At 13, she became the youngest person to acquire her own hallmark after she used silver, rather than the usual copper or gilding metal used in metalwork, to make a present for her parents’ silver wedding anniversary in 1953.

She admits not being able to hear affected her life "completely", but says she was fortunate in her education at Bedales and her family and friends.

"It’s difficult to imagine normal hearing as I am not aware of a lot of what goes on around me. I think my sense of touch is the sense that has developed most.

"My sculptures have many sides to them, [they] ask to be touched and explored by hand and eye."

After finishing school, Ashken went to the Central School of Arts and Crafts (as it was then), where she did a three-year course that included life drawing, design and silversmithing techniques. It was there she met Drawbridge.

"It was love at first sight!" she says.

"I hardly knew anything about art before I met him, as I went to the art school to continue with silversmithing. My life changed completely then."

Ashken and her husband, artist, the late John Drawbridge. Photo: Simon Woolf
Ashken and her husband, artist, the late John Drawbridge. Photo: Simon Woolf

The couple travelled around Europe, going to many art galleries and visiting churches. Creating church silver was a central part of silversmithing and Ashken went on to create a number of pieces for churches in England and New Zealand.

After their marriage in 1960, the couple lived in Paris for a year. She decided to switch to sculpting and found a studio-workshop with a tutor who specialised in stone carving. She studied at Atelier de Del Debbio, Impasse Rosin in Paris.

"The great sculptor, Constantin Brancusi, had died three years before but his work was still in his atelier. I could see it by climbing up on a mound of marble blocks and peering down from a skylight on to all his works still in there. Brancusi is my only inspiration, with a little from Jean Arp also."

She prefers to work in hard materials such as marble and wood.

"This carries on from working in silversmithing where silver is beaten into shape with a hammer over a metal stake. These sculptures become what they are, solely from my subconscious."

Sometimes, as she did on her first sculpture in Dunedin, she builds on her ideas using wire and other materials before adding plaster of Paris.
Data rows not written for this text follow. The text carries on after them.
lemma det_char_matrix_imp_is_eigenvalue:
  assumes "det (char_matrix lam) = 0"
  shows "is_eigenvalue m A B C D \<tau> \<xi> lam"
proof -
  define I where "I = {- tau_max m \<tau>..tau_max m \<tau>}"
  obtain v where "v \<noteq> 0" and kernel: "char_matrix lam *v v = 0"
    using assms det_eq_0_iff_nontrivial_kernel by blast
  define u where "u = (\<lambda>t. exp (lam * of_real t) *s v)"
  define u' where "u' = (\<lambda>t. exp (lam * of_real t) *s (lam *s v))"
  have eigen: "u' t = lam *s u t" for t
    by (simp add: u_def u'_def vector_smult_assoc mult.commute)
  have "(u has_vector_derivative u' t) (at t within I)" for t
    unfolding eigen unfolding u_def by (rule has_vector_derivative_exp_scale)
  moreover have "continuous_on I u" "continuous_on I u'"
    unfolding u_def u'_def by (rule continuous_on_exp_scale)+
  moreover have "u' 0 = M0 (A 0) B C D \<xi> *v u 0
      + (\<Sum>i=1..m. Mpos (A i) *v u (- \<tau> i) + Mneg (A i) *v u (\<tau> i))"
    using kernel by (simp add: u_def u'_def char_matrix_mult_vec)
  moreover have "0 \<in> I" "u 0 \<noteq> 0"
    using zero_mem_interval [OF m_pos delays_nonneg] \<open>v \<noteq> 0\<close> by (simp_all add: I_def u_def)
  ultimately show ?thesis
    unfolding is_eigenvalue_def Let_def I_def [symmetric] using eigen by blast
qed

lemma is_eigenvalue_iff_det_char_matrix:
  "is_eigenvalue m A B C D \<tau> \<xi> lam \<longleftrightarrow> det (char_matrix lam) = 0"
  using is_eigenvalue_imp_det_char_matrix det_char_matrix_imp_is_eigenvalue by blast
These sculptures are cast in bronze and aluminium and become editions.

"My wood and marble sculptures become editions too and cast also in bronze or aluminium."
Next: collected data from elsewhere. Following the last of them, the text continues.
lemma single_ballot_winner_by_shrinking:
  assumes "consistent f" and "indep_losers f" and "anonymous f"
    and A: "each_once X A" and "W \<in> f A" and "S \<in> X" and "g S = S" and "0 < i"
    and shrink: "\<And>T. T \<in> X \<Longrightarrow> g T \<subseteq> T \<and> g T \<noteq> {} \<and> W \<inter> g T = W \<inter> T"
    and common: "\<And>T j. T \<in> X \<Longrightarrow> 0 < j \<Longrightarrow> W' \<in> f [j \<mapsto> g T]"
  shows "W \<in> f [i \<mapsto> S]"
proof -
  have P: "is_profile A"
    using A by (rule each_once_is_profile)
  have "W \<in> f (map_ballots g A)"
    using assms(2) P \<open>W \<in> f A\<close> by (rule indep_losers_map_ballots)
      (use shrink each_once_ballot_mem[OF A] in blast)
  also have "f (map_ballots g A) = (\<Inter>j\<in>dom (map_ballots g A). f [j \<mapsto> the (map_ballots g A j)])"
  proof (rule consistent_Inter_single_ballots[OF assms(1)])
    show "is_profile (map_ballots g A)"
      by (rule is_profile_map_ballots[OF P]) (use shrink each_once_ballot_mem[OF A] in blast)
    fix j assume "j \<in> dom (map_ballots g A)"
    then show "W' \<in> f [j \<mapsto> the (map_ballots g A j)]"
      using common each_once_ballot_mem[OF A] is_profile_voter_pos[OF P] by simp
  qed
  finally have "W \<in> f [j \<mapsto> g (the (A j))]" if "j \<in> dom A" for j
    using that by simp
  moreover obtain i0 where "i0 \<in> dom A" and "the (A i0) = S"
    using A \<open>S \<in> X\<close> by (rule each_once_obtain_voter)
  ultimately have "W \<in> f [i0 \<mapsto> S]"
    using \<open>g S = S\<close> by force
  moreover have "S \<noteq> {}"
    using shrink[OF \<open>S \<in> X\<close>] \<open>g S = S\<close> by simp
  ultimately show ?thesis
    using anonymous_single_ballot[OF assms(3) \<open>0 < i\<close> is_profile_voter_pos[OF P \<open>i0 \<in> dom A\<close>]] by simp
qed
(* In the sequential two-level memory model with a fast memory of size $M$, any classical Cholesky decomposition algorithm for $n{\times}n$ matrices has bandwidth cost $\Omega(n^3/M^{1/2})$ and latency cost $\Omega(n^3/M^{3/2})$.
   Context: The Cholesky decomposition of a real symmetric positive definite matrix $A$ is $A = LL^T$ with $L$ lower triangular; its entries satisfy $L(i,i)=\sqrt{A(i,i)-\sum_{k=1}^{i-1}L(i,k)^2}$ and $L(i,j)=\frac{1}{L(j,j)}\big(A(i,j)-\sum_{k=1}^{j-1}L(i,k)L(j,k)\big)$ for $i>j$. A "classical" Cholesky algorithm performs exactly these arithmetic operations, possibly reordered using only associativity and commutativity of addition (no pivoting, no distributivity). Sequential two-level memory model: a fast memory holding $M$ words and an unbounded slow memory; the matrix initially resides in slow memory and is too large to fit in fast memory ($M<n^2$). Words contiguous in slow memory can be read or written together as one message, of at most $M$ words. Bandwidth cost is the total number of words transferred between fast and slow memory; latency cost is the total number of messages. *)

theory Defs
  imports Complex_Main "HOL-Library.Multiset"
begin
(* Let $G$ be a primitive permutation group on a finite set $\Omega$ of size $n>2$. Then (a) $G$ synchronizes every map $f:\Omega\to\Omega$ of rank $2$; (b) $G$ synchronizes every non-uniform map $f:\Omega\to\Omega$ of rank $3$ or $4$.
   Context: The rank of $f$ is $|\Omega f|$. $G$ synchronizes a non-invertible map $f$ if the semigroup $\langle G,f\rangle$ generated by $G$ and $f$ contains a constant map. The kernel of $f$ is the partition of $\Omega$ into the inverse images of points of the image of $f$; $f$ is uniform if all parts of its kernel have the same size, and non-uniform otherwise. *)

theory Defs
  imports "HOL-Combinatorics.Permutations"
begin

definition perm_group_on :: "'a set \<Rightarrow> ('a \<Rightarrow> 'a) set \<Rightarrow> bool" where
  "perm_group_on \<Omega> G \<longleftrightarrow> G \<noteq> {} \<and> (\<forall>g\<in>G. g permutes \<Omega>) \<and>
     (\<forall>g\<in>G. \<forall>h\<in>G. g \<circ> h \<in> G) \<and> (\<forall>g\<in>G. inv g \<in> G)"

definition transitive_on :: "'a set \<Rightarrow> ('a \<Rightarrow> 'a) set \<Rightarrow> bool" where
  "transitive_on \<Omega> G \<longleftrightarrow> (\<forall>x\<in>\<Omega>. \<forall>y\<in>\<Omega>. \<exists>g\<in>G. g x = y)"

definition primitive_on :: "'a set \<Rightarrow> ('a \<Rightarrow> 'a) set \<Rightarrow> bool" where
  "primitive_on \<Omega> G \<longleftrightarrow> perm_group_on \<Omega> G \<and> transitive_on \<Omega> G \<and>
     (\<forall>R. equiv \<Omega> R \<and> (\<forall>g\<in>G. \<forall>x y. (x, y) \<in> R \<longrightarrow> (g x, g y) \<in> R)
          \<longrightarrow> R = Id_on \<Omega> \<or> R = \<Omega> \<times> \<Omega>)"

inductive_set gen_semigroup :: "('a \<Rightarrow> 'a) set \<Rightarrow> ('a \<Rightarrow> 'a) \<Rightarrow> ('a \<Rightarrow> 'a) set"
  for G :: "('a \<Rightarrow> 'a) set" and f :: "'a \<Rightarrow> 'a" where
  gen_G: "g \<in> G \<Longrightarrow> g \<in> gen_semigroup G f"
| gen_f: "f \<in> gen_semigroup G f"
| gen_comp: "a \<in> gen_semigroup G f \<Longrightarrow> b \<in> gen_semigroup G f \<Longrightarrow> a \<circ> b \<in> gen_semigroup G f"

definition is_map_on :: "'a set \<Rightarrow> ('a \<Rightarrow> 'a) \<Rightarrow> bool" where
  "is_map_on \<Omega> f \<longleftrightarrow> f ` \<Omega> \<subseteq> \<Omega>"

definition constant_on_set :: "'a set \<Rightarrow> ('a \<Rightarrow> 'a) \<Rightarrow> bool" where
  "constant_on_set \<Omega> h \<longleftrightarrow> (\<exists>c\<in>\<Omega>. \<forall>x\<in>\<Omega>. h x = c)"

definition map_rank :: "'a set \<Rightarrow> ('a \<Rightarrow> 'a) \<Rightarrow> nat" where
  "map_rank \<Omega> f = card (f ` \<Omega>)"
She has continued to create jewellery and silver pieces for churches over the years, including a silver and greenstone bishop’s crosier for Nelson Cathedral and a New Zealand Arts Council gift of a silver and amethyst pendant, which was presented to Princess Anne in 1970.

Five pendants showcasing her work as a jewellery maker and silversmith are on display at Museum of New Zealand Te Papa Tongarewa in Toi Art alongside her Kotuku, a carved kauri sculpture she made shortly after arriving in New Zealand. A scale model of Albatross is also on display.

Works on display at Fe29 include Gold Apollo. Photo: supplied
Works on display at Fe29 include Gold Apollo. Photo: supplied

Works on display at Fe29 include Golden Whale. Photo: supplied
Works on display at Fe29 include Golden Whale. Photo: supplied
Now in her 80s, Ashken is still working. The Dunedin exhibition will feature newer works Eros (2020) and Golden Apollo (2022), based on her works Aphrodite and Apollo among others.

She is also finishing Gaia and has other small projects on the go. "I’ll never stop working on something."

Ashken says looking back over the 60 years she has been making sculpture, from the first sale of a black marble sculpture from the Redfern Gallery in London in 1963, the response to her work has been uneven. 

"I came here at a time when New Zealand was trying to establish a particular style of art that was anti outside influence."

Yet Ashken’s background was heavily influenced by having lived in France and her time in Europe.

"That didn’t go down well here with the art critics. There have always been a few people who have understood what I’m about and have bought my work. But it was not mainstream and in favour."

However, Ashken believes things are changing.

"It is only in the last two or three years that people have become aware of the subtle meaning of my work."

TO SEE: 

Tanya Ashken, Fe29, December 2 to January 15.